'''

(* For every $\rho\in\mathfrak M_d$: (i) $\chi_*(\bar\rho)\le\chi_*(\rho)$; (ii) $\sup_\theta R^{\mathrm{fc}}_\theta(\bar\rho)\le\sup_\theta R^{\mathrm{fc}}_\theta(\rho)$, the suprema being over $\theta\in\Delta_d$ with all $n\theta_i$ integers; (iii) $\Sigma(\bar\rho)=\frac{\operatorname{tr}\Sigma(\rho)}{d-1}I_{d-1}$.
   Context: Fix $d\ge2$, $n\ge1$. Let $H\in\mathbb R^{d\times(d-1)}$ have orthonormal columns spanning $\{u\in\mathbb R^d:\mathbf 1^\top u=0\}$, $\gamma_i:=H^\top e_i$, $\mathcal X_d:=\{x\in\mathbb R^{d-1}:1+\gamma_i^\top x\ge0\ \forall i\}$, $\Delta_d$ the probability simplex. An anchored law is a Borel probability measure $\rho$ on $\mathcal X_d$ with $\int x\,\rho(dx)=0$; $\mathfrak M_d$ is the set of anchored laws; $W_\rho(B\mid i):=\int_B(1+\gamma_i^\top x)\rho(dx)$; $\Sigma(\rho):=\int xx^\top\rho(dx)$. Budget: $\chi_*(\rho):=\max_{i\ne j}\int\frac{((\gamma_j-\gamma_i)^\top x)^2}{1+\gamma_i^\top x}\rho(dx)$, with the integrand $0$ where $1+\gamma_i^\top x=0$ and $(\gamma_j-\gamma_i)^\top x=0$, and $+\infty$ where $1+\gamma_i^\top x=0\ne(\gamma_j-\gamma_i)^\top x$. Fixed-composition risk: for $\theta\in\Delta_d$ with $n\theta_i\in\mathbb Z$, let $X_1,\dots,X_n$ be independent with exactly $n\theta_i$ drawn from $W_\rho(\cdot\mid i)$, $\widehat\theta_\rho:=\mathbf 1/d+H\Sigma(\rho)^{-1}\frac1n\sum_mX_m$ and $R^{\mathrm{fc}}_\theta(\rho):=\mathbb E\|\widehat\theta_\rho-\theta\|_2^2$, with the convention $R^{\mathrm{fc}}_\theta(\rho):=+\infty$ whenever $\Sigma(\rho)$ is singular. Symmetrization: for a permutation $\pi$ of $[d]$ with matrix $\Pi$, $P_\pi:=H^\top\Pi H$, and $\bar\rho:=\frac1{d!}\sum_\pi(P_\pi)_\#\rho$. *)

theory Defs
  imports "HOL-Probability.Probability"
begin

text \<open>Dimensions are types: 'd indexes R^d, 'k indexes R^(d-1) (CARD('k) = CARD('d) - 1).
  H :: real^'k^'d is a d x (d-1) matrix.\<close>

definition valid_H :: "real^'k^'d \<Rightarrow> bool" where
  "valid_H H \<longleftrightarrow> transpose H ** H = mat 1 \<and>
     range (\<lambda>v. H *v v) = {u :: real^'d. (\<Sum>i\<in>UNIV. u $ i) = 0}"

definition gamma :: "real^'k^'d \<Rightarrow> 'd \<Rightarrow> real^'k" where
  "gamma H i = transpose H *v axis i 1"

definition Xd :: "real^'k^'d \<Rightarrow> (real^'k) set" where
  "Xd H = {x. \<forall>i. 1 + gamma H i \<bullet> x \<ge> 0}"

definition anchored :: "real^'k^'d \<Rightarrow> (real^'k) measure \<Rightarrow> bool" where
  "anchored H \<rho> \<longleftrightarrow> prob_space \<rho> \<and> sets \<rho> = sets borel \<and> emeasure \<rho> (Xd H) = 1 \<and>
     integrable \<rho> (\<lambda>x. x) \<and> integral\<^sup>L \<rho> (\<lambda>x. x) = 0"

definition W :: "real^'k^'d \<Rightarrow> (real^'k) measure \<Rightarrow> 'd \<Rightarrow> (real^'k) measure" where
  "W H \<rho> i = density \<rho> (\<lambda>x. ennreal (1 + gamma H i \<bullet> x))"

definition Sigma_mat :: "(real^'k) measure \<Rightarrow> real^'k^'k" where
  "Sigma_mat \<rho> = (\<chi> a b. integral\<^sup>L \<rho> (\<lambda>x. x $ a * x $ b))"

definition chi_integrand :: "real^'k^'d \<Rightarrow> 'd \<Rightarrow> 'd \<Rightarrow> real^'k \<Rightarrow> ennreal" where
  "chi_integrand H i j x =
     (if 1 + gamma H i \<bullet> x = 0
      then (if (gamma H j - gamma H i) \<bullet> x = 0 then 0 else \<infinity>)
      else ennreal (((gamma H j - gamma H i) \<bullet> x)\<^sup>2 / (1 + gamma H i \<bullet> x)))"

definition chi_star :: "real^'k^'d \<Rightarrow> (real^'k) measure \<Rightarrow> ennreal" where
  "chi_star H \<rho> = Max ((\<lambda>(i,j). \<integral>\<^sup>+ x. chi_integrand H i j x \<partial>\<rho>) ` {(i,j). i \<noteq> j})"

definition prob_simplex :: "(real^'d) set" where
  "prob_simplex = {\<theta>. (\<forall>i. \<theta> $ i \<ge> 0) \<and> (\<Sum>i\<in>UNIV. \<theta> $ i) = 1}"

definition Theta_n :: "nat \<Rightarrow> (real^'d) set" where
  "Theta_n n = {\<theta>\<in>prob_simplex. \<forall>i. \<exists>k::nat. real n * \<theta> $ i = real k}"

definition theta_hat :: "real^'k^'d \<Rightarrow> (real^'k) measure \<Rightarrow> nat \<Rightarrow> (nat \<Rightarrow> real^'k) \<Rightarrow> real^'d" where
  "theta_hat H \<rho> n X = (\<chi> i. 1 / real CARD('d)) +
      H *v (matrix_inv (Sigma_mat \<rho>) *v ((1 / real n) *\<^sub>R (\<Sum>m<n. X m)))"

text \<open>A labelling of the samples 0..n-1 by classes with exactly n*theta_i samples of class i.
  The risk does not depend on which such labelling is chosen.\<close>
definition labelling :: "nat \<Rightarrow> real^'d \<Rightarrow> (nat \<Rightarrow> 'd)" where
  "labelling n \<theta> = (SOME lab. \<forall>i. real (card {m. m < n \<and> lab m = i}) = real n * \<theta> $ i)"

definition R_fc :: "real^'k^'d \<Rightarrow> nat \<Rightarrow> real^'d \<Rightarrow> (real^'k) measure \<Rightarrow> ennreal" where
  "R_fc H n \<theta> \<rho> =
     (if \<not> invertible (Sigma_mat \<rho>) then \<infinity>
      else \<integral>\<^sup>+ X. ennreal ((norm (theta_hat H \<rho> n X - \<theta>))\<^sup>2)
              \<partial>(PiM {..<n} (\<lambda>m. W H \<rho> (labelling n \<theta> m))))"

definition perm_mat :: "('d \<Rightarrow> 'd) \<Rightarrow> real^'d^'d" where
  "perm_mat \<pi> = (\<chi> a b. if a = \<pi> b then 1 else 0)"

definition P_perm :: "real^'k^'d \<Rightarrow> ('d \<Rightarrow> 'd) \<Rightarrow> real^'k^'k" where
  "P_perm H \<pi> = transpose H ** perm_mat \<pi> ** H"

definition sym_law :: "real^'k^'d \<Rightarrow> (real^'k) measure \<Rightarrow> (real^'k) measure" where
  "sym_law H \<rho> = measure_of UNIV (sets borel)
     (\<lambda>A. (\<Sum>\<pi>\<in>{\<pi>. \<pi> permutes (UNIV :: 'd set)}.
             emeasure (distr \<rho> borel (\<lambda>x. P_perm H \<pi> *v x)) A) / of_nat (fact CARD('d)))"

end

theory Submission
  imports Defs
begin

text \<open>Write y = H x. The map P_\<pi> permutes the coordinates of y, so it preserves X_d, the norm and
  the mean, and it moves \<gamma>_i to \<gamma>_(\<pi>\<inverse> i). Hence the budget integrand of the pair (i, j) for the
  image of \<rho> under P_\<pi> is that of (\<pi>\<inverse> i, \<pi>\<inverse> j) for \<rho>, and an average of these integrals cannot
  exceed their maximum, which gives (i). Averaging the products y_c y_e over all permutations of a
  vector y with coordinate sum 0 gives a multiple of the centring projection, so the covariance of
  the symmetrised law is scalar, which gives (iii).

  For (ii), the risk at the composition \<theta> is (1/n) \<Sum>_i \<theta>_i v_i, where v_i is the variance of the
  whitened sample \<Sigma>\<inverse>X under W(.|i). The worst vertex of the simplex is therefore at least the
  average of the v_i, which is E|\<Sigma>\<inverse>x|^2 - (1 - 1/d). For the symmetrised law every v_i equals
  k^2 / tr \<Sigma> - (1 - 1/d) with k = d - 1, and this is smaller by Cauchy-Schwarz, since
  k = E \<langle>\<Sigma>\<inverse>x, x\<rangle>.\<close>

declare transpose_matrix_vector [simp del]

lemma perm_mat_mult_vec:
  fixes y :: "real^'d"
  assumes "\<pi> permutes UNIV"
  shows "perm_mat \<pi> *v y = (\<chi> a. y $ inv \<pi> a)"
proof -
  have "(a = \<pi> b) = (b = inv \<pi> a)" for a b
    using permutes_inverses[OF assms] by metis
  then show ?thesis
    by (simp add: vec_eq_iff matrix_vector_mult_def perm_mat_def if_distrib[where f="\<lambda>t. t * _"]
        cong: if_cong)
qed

'''

Your assignment >>
Every line above that includes the word "open" must appear in the answer.

Exercise result >>
text \<open>Dimensions are types: 'd indexes R^d, 'k indexes R^(d-1) (CARD('k) = CARD('d) - 1).
text \<open>A labelling of the samples 0..n-1 by classes with exactly n*theta_i samples of class i.
text \<open>Write y = H x. The map P_\<pi> permutes the coordinates of y, so it preserves X_d, the norm and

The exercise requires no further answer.